PHP grab the page essential: DOMDocument nanny level teaching
The old iron engaged in data collection should have encountered this problem: the target site to change the HTML structure of the parent mother do not recognize, write a good crawler script directly strike. Today we will use PHP's own DOMDocument component to teach you how to elegantly disassemble the structure of the web page, and then with theipipgoThe proxy IP service ensures that the collection is as steady as an old dog.
First, why use a proxy IP to engage in data capture?
Many sites are installed "access control system", the same IP frequent visits immediately pull black. At this time it is necessary to likeipipgoSuch a specialized proxy service is like preparing a bunch of "stand-ins" for the crawler. Let's take an example:
$proxy = 'http://username:password@gateway.ipipgo.io:9020';
$context = stream_context_create([
'http' => ['proxy' => $proxy]
]);
$html = file_get_contents('destination URL', false, $context);
The gateway.ipipgo.io in this code is their intelligent routing portal, which automatically assigns the most suitable nodes. After testing with his proxy, the probability of being blocked dropped from 80% to below 5%.

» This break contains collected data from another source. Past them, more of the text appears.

lemma step_size_bound:
  fixes \<eta> \<kappa> a c e g :: real
  assumes "0 < \<kappa>" "0 < a" "0 < c" "0 \<le> g"
    and "\<eta> * (a^4 * c^2 * e) < 2 * g * (\<kappa> * inverse ((\<kappa> * inverse (a^2) + inverse (c^2))^2))"
  shows "\<eta> * (a^2 * e) \<le> g / 2"
proof -
  define u where "u = \<kappa> * inverse (a^2)"
  define v where "v = inverse (c^2)"
  have "0 < u + v" unfolding u_def v_def using assms by (simp add: add_pos_pos)
  \<comment> \<open>AM-GM\<close>
  have "4 * (u * v) \<le> (u + v)^2"
    using zero_le_power2[of "u - v"] by (simp add: power2_eq_square algebra_simps)
  hence "4 * (u * v) * (a^2 * c^2) \<le> (u + v)^2 * (a^2 * c^2)"
    by (rule mult_right_mono) simp
  moreover have "u * v * (a^2 * c^2) = \<kappa>"
    unfolding u_def v_def using assms(2,3) by (simp add: field_simps)
  ultimately have "\<kappa> \<le> a^2 * c^2 / 4 * (u + v)^2"
    by (simp add: algebra_simps)
  hence lambar: "\<kappa> * inverse ((u + v)^2) \<le> a^2 * c^2 / 4"
    using \<open>0 < u + v\<close> by (simp add: pos_divide_le_eq divide_inverse[symmetric])
  have "\<eta> * (a^2 * e) * (a^2 * c^2) = \<eta> * (a^4 * c^2 * e)"
    by (simp add: power2_eq_square power4_eq_xxxx mult_ac)
  also have "\<dots> < 2 * g * (\<kappa> * inverse ((u + v)^2))"
    using assms(5) unfolding u_def v_def .
  also have "\<dots> \<le> 2 * g * (a^2 * c^2 / 4)"
    using lambar assms(4) by (intro mult_left_mono) auto
  also have "\<dots> = g / 2 * (a^2 * c^2)" by simp
  finally have "\<eta> * (a^2 * e) < g / 2"
    by (rule mult_right_less_imp_less) (use assms(2,3) in simp)
  thus ?thesis by simp
qed

locale implicit_gd =
  fixes X :: "real^'d^'N" and y :: "real^'N" and W :: "nat \<Rightarrow> real^'m^'d"
    and A :: "nat \<Rightarrow> real^'m^'m" and b :: "nat \<Rightarrow> real^'m"
    and \<gamma> \<eta> C1 C2 C3 \<alpha>0 lam1 lam2 lam3 \<gamma>0 \<kappa> r0 :: real
  assumes C_pos: "C1 > 0" "C2 > 0" "C3 > 0"
    and GD_W: "\<And>k. vecm (W (Suc k)) = vecm (W k) - \<eta> *\<^sub>R gradW \<gamma> X y (W k) (A k) (b k)"
    and GD_A: "\<And>k. vecm (A (Suc k)) = vecm (A k) - \<eta> *\<^sub>R gradA \<gamma> X y (W k) (A k) (b k)"
    and GD_b: "\<And>k. b (Suc k) = b k - \<eta> *\<^sub>R gradb \<gamma> X y (W k) (A k) (b k)"
    and gamma_pos: "\<gamma> > 0" and eta_pos: "\<eta> > 0"
    and alpha0_def: "\<alpha>0 = sigma_min (Zeq \<gamma> X (W 0) (A 0))"
    and lam1_def: "lam1 = specnorm (W 0) + C1"
    and lam2_def: "lam2 = specnorm (A 0) + C2"
    and lam3_def: "lam3 = norm (b 0) + C3"
    and gamma0_def: "\<gamma>0 = \<gamma> * lam2" and gamma0_less_1: "\<gamma>0 < 1"
    and kappa_def: "\<kappa> = 1 + \<gamma>0^2 / (1 - \<gamma>0)^2 * (lam1^2 / lam2^2)"
    and r0_def: "r0 = norm (yhat \<gamma> X (W 0) (A 0) (b 0) - y)"
    and radius_W: "8 / (1 - \<gamma>0) * (lam3 / C1) * norm X * r0 \<le> \<alpha>0^2"
    and radius_A: "8 / (1 - \<gamma>0) * (\<gamma>0 * lam1 * lam3 / ((1 - \<gamma>0) * C2 * lam2)) * norm X * r0 \<le> \<alpha>0^2"
    and radius_b: "8 / (1 - \<gamma>0) * (lam1 / C3) * norm X * r0 \<le> \<alpha>0^2"
    and sigma_cond: "\<kappa> * (16 * lam3 / (1 - \<gamma>0)^2) * (norm X)^2 * r0 \<le> \<alpha>0^3"
    and contraction_cond: "\<kappa> * (16 * lam3^2 / (1 - \<gamma>0)^2) * (norm X)^2 \<le> \<alpha>0^2"
    and step_cond: "\<eta> * (lam1^2 * (norm X)^2) \<le> (1 - \<gamma>0)^2 / 2"
begin

abbreviation "Z k \<equiv> Zeq \<gamma> X (W k) (A k)"
abbreviation "res k \<equiv> yhat \<gamma> X (W k) (A k) (b k) - y"
abbreviation "R k \<equiv> norm (res k)"
abbreviation "in_ball k \<equiv> specnorm (W k) \<le> lam1 \<and> specnorm (A k) \<le> lam2 \<and> norm (b k) \<le> lam3"

text \<open>Uniformly over the balls, Zmax bounds the equilibria, cW and cA bound the ratios of the
  W- and A-gradients to the residual, and LZ is a Lipschitz constant of the equilibrium.\<close>
abbreviation "Zmax \<equiv> norm X * lam1 / (1 - \<gamma>0)"
abbreviation "cW \<equiv> norm X * lam3 / (1 - \<gamma>0)"
abbreviation "cA \<equiv> \<gamma> * lam1 * norm X * lam3 / (1 - \<gamma>0)^2"
abbreviation "LZ \<equiv> \<kappa> * (norm X)^2 * lam3 / (1 - \<gamma>0)^2"

abbreviation "\<tau> \<equiv> \<eta> * \<alpha>0^2"
abbreviation "\<rho> \<equiv> sqrt (1 - \<tau> / 4)"

lemma lam_pos: "0 < lam1" "0 < lam2" "0 < lam3"
  using C_pos specnorm_nonneg[of "W 0"] specnorm_nonneg[of "A 0"] norm_ge_zero[of "b 0"]
  unfolding lam1_def lam2_def lam3_def by linarith+

lemma one_minus_gamma0_pos: "0 < 1 - \<gamma>0"
  using gamma0_less_1 by simp

lemma alpha0_nonneg: "0 \<le> \<alpha>0"
  unfolding alpha0_def by (rule sigma_min_nonneg)

lemma gamma_eq: "\<gamma> = \<gamma>0 / lam2"
  using gamma0_def lam_pos by simp

lemma gradient_consts_nonneg: "0 \<le> Zmax" "0 \<le> \<gamma> * Zmax" "0 \<le> cW" "0 \<le> cA"
  using lam_pos one_minus_gamma0_pos gamma_pos by auto

lemma in_ball_0: "in_ball 0"
  using C_pos unfolding lam1_def lam2_def lam3_def by simp

lemma contraction_le: "in_ball k \<Longrightarrow> \<gamma> * specnorm (A k) \<le> \<gamma>0"
  using gamma_pos unfolding gamma0_def by (simp add: mult_left_mono)

lemma contraction_less_1: "in_ball k \<Longrightarrow> \<gamma> * specnorm (A k) < 1"
  using contraction_le gamma0_less_1 by fastforce

lemma one_minus_gamma0_mult_le:
  assumes "in_ball k" "0 \<le> x" "(1 - \<gamma> * specnorm (A k)) * x \<le> B"
  shows "(1 - \<gamma>0) * x \<le> B"
  using contraction_le[OF assms(1)] assms(2,3) by (smt (verit) mult_right_mono)

lemma norm_Z_le: assumes "in_ball k" shows "norm (Z k) \<le> Zmax"
proof -
  have "(1 - \<gamma> * specnorm (A k)) * norm (Z k) \<le> norm X * specnorm (W k)"
    by (rule Zeq_norm_le) (use gamma_pos contraction_less_1[OF assms] in auto)
  also have "\<dots> \<le> norm X * lam1" using assms by (simp add: mult_left_mono)
  finally have "(1 - \<gamma>0) * norm (Z k) \<le> norm X * lam1"
    by (rule one_minus_gamma0_mult_le[OF assms norm_ge_zero])
  thus ?thesis using one_minus_gamma0_pos by (simp add: pos_le_divide_eq mult.commute)
qed

lemma norm_backprop_le_residual:
  assumes "in_ball k"
  shows "norm (backprop \<gamma> X y (W k) (A k) (b k)) \<le> lam3 / (1 - \<gamma>0) * R k"
proof -
  have "(1 - \<gamma> * specnorm (A k)) * norm (backprop \<gamma> X y (W k) (A k) (b k)) \<le> norm (b k) * R k"
    by (rule norm_backprop_le) (use gamma_pos contraction_less_1[OF assms] in auto)
  also have "\<dots> \<le> lam3 * R k" using assms by (simp add: mult_right_mono)
  finally have "(1 - \<gamma>0) * norm (backprop \<gamma> X y (W k) (A k) (b k)) \<le> lam3 * R k"
    by (rule one_minus_gamma0_mult_le[OF assms norm_ge_zero])
  thus ?thesis using one_minus_gamma0_pos by (simp add: pos_le_divide_eq mult.commute)
qed

lemma W_step_le:
  assumes "in_ball k"
  shows "norm (W (Suc k) - W k) \<le> cW * (\<eta> * R k)"
proof -
  have "norm (W (Suc k) - W k) = \<eta> * norm (gradW \<gamma> X y (W k) (A k) (b k))"
    using GD_W[of k] eta_pos by (simp add: norm_vecm[symmetric] vecm_diff)
  also have "\<dots> \<le> \<eta> * (norm X * (lam3 / (1 - \<gamma>0) * R k))"
    using eta_pos norm_backprop_le_residual[OF assms]
    by (intro mult_left_mono order_trans[OF norm_gradW_le]) auto
  also have "\<dots> = cW * (\<eta> * R k)" by simp
  finally show ?thesis .
qed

Second, the basic operation of DOMDocument three axes
Once we have the web page source code, let's start disassembling the parts:
$dom = new DOMDocument();
@$dom->loadHTML($html); // mask the warning message with @
$xpath = new DOMXPath($dom);
// Example: grab all product prices
$prices = $xpath->query('//span[@class="price"]'); }; $prices = $xpath->query('//span[@class="price"]'); }
foreach ($prices as $node) {
echo $node->nodeValue."";
}
Watch out for these two potholes:
1. Web page encoding issues are handled with mb_convert_encoding
2. Ignore HTML parsing errors with the @ sign
Third, the actual combat: dynamic website acquisition program
When you encounter a website that loads data with JS, you can do distributed collection with proxy IP. For example, configure the collection cluster like this:
| Node type | concurrency | switching strategy |
|---|---|---|
| Domestic Residential IP | 10 threads | Change IP per request |
| Overseas Data Center IP | 5 threads | Hourly IP changes |
expense or outlayipipgoAPI to get the IP pool:
$ip_list = json_decode(file_get_contents('https://api.ipipgo.com/getips?type=http&num=20'));
IV. First aid kit for common problems
Q: What should I do if I can't connect to the proxy IP?
A:First check the format of the authentication information, use the "connection test" tool provided by ipipgo to diagnose the problem.

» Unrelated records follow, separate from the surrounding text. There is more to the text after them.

lemma loglik_concave:
  assumes "0 \<le> t" "t \<le> 1"
  shows "(1 - t) * loglik n E \<theta> + t * loglik n E \<eta> \<le> loglik n E (\<lambda>i. (1 - t) * \<theta> i + t * \<eta> i)"
proof -
  have "(1 - t) * loglik n E \<theta> + t * loglik n E \<eta>
      = (\<Sum>(i,j)\<in>vpairs n. ((1 - t) * (\<theta> i + \<theta> j) + t * (\<eta> i + \<eta> j)) * of_bool ((i,j) \<in> E)
          - ((1 - t) * softplus (\<theta> i + \<theta> j) + t * softplus (\<eta> i + \<eta> j)))"
    unfolding loglik_vpairs sum_distrib_left sum.distrib[symmetric]
    by (intro sum.cong refl) (auto simp: algebra_simps)
  also have "\<dots> \<le> (\<Sum>(i,j)\<in>vpairs n. ((1 - t) * (\<theta> i + \<theta> j) + t * (\<eta> i + \<eta> j)) * of_bool ((i,j) \<in> E)
          - softplus ((1 - t) * (\<theta> i + \<theta> j) + t * (\<eta> i + \<eta> j)))"
    unfolding case_prod_unfold by (intro sum_mono diff_left_mono softplus_convex assms)
  also have "\<dots> = loglik n E (\<lambda>i. (1 - t) * \<theta> i + t * \<eta> i)"
    unfolding loglik_vpairs by (intro sum.cong refl) (auto simp: algebra_simps)
  finally show ?thesis .
qed

lemma restr_space_convex:
  assumes "\<theta> \<in> restr_space n r" "\<eta> \<in> restr_space n r"
  shows "(\<lambda>i. (1 - t) * \<theta> i + t * \<eta> i) \<in> restr_space n r"
proof (rule restr_spaceI)
  fix i
  show "i < r \<Longrightarrow> (1 - t) * \<theta> i + t * \<eta> i = (1 - t) * \<theta> 0 + t * \<eta> 0"
    using restr_spaceD(1)[OF assms(1), of i] restr_spaceD(1)[OF assms(2), of i] by simp
  show "n \<le> i \<Longrightarrow> (1 - t) * \<theta> i + t * \<eta> i = 0"
    using restr_spaceD(2)[OF assms(1), of i] restr_spaceD(2)[OF assms(2), of i] by simp
qed

lemma restr_box_convex:
  assumes "\<theta> \<in> restr_box n r c d" "\<eta> \<in> restr_box n r c d" "0 \<le> t" "t \<le> 1"
  shows "(\<lambda>i. (1 - t) * \<theta> i + t * \<eta> i) \<in> restr_box n r c d"
proof -
  have "\<bar>(1 - t) * \<theta> i + t * \<eta> i - c i\<bar> \<le> d" if "i < n" for i
  proof -
    have "\<bar>(1 - t) * \<theta> i + t * \<eta> i - c i\<bar> = \<bar>(1 - t) * (\<theta> i - c i) + t * (\<eta> i - c i)\<bar>"
      by (simp add: algebra_simps)
    also have "\<dots> \<le> (1 - t) * \<bar>\<theta> i - c i\<bar> + t * \<bar>\<eta> i - c i\<bar>"
      using assms(3,4) by (simp add: abs_triangle_ineq[THEN order_trans] abs_mult)
    also have "\<dots> \<le> (1 - t) * d + t * d"
      using assms that by (intro add_mono mult_left_mono) (auto simp: restr_box_def)
    finally show ?thesis
      by (simp add: algebra_simps)
  qed
  thus ?thesis
    using assms by (auto simp: restr_box_def intro: restr_space_convex)
qed

lemma exists_small_step:
  fixes a e :: "nat \<Rightarrow> real"
  assumes "\<And>i. i < n \<Longrightarrow> 0 < e i"
  obtains t where "0 < t" "t < 1" "\<forall>i<n. t * a i < e i"
proof -
  have "\<forall>\<^sub>F t in at_right 0. \<forall>i\<in>{..<n}. t * a i < e i"
  proof (rule eventually_ball_finite[OF finite_lessThan], rule ballI)
    fix i assume "i \<in> {..<n}"
    moreover have "((\<lambda>t. t * a i) \<longlongrightarrow> 0) (at_right 0)"
      by (auto intro!: tendsto_eq_intros)
    ultimately show "\<forall>\<^sub>F t in at_right 0. t * a i < e i"
      using assms by (intro order_tendstoD(2)) auto
  qed
  moreover have "\<forall>\<^sub>F t in at_right 0. 0 < t \<and> t < (1::real)"
    unfolding eventually_at_right_field by (intro exI[of _ 1]) auto
  ultimately have "\<forall>\<^sub>F t in at_right 0. (0 < t \<and> t < 1) \<and> (\<forall>i\<in>{..<n}. t * a i < e i)"
    by (rule eventually_conj[rotated])
  then obtain t where "0 < t" "t < 1" "\<forall>i\<in>{..<n}. t * a i < e i"
    using eventually_happens'[OF trivial_limit_at_right_real] by blast
  thus ?thesis
    using that by auto
qed

text \<open>A short step from \<open>\<theta>\<close> towards any \<open>b\<close> stays in the box, so concavity turns the maximality of
  \<open>\<theta>\<close> on the box into global maximality.\<close>
lemma restr_mle_if_interior_maximiser:
  assumes box: "\<theta> \<in> restr_box n r c d"
    and max: "\<And>\<theta>'. \<theta>' \<in> restr_box n r c d \<Longrightarrow> loglik n E \<theta>' \<le> loglik n E \<theta>"
    and interior: "\<And>i. i < n \<Longrightarrow> \<bar>\<theta> i - c i\<bar> < d"
  shows "is_restr_mle n r E \<theta>"
  unfolding is_restr_mle_def
proof (intro conjI ballI)
  show \<theta>: "\<theta> \<in> restr_space n r"
    using box by (simp add: restr_box_def)
  fix b assume b: "b \<in> restr_space n r"
  have slack: "\<And>i. i < n \<Longrightarrow> 0 < d - \<bar>\<theta> i - c i\<bar>"
    using interior by simp
  obtain t where t: "0 < t" "t < 1" and small: "\<forall>i<n. t * \<bar>b i - \<theta> i\<bar> < d - \<bar>\<theta> i - c i\<bar>"
    by (rule exists_small_step[OF slack, where a = "\<lambda>i. \<bar>b i - \<theta> i\<bar>"])
  define \<eta> where "\<eta> = (\<lambda>i. (1 - t) * \<theta> i + t * b i)"
  have "\<bar>\<eta> i - c i\<bar> \<le> d" if "i < n" for i
  proof -
    have "\<bar>\<eta> i - c i\<bar> = \<bar>(\<theta> i - c i) + t * (b i - \<theta> i)\<bar>"
      by (simp add: \<eta>_def algebra_simps)
    also have "\<dots> \<le> \<bar>\<theta> i - c i\<bar> + t * \<bar>b i - \<theta> i\<bar>"
      using t abs_triangle_ineq[of "\<theta> i - c i" "t * (b i - \<theta> i)"] by (simp add: abs_mult)
    finally show ?thesis
      using small[rule_format, OF that] by linarith
  qed
  moreover have "\<eta> \<in> restr_space n r"
    unfolding \<eta>_def using \<theta> b by (rule restr_space_convex)
  ultimately have "loglik n E \<eta> \<le> loglik n E \<theta>"
    by (intro max) (simp add: restr_box_def)
  hence "(1 - t) * loglik n E \<theta> + t * loglik n E b \<le> loglik n E \<theta>"
    using loglik_concave[of t n E \<theta> b] t unfolding \<eta>_def by linarith
  thus "loglik n E b \<le> loglik n E \<theta>"
    using t by (simp add: algebra_simps)
qed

Q: XPath is written correctly but can't grab the data?
A: 80% of the webpage has iframe, first use the regular to locate the specific frame and then parse the
Q: Sudden slowdown in acquisition?
A: It may have triggered the website speed limit, we suggest adding random waiting time in the code:
sleep(rand(1, 3)); // randomly sleep for 1-3 seconds
V. Hidden benefits of ipipgo
In addition to the basic agency services, his family has two other killer features:
1. Intelligent Retry System: Automatic switching of invalid IPs
2. Data Cleaning Interface: Automatic filtering of duplicate content
Finally give a piece of advice: don't use sleep(0) in the collection code, website wind control is not vegetarian. Use proxy IP + random delay + automatic switching triple protection, in order to let the collection script long life.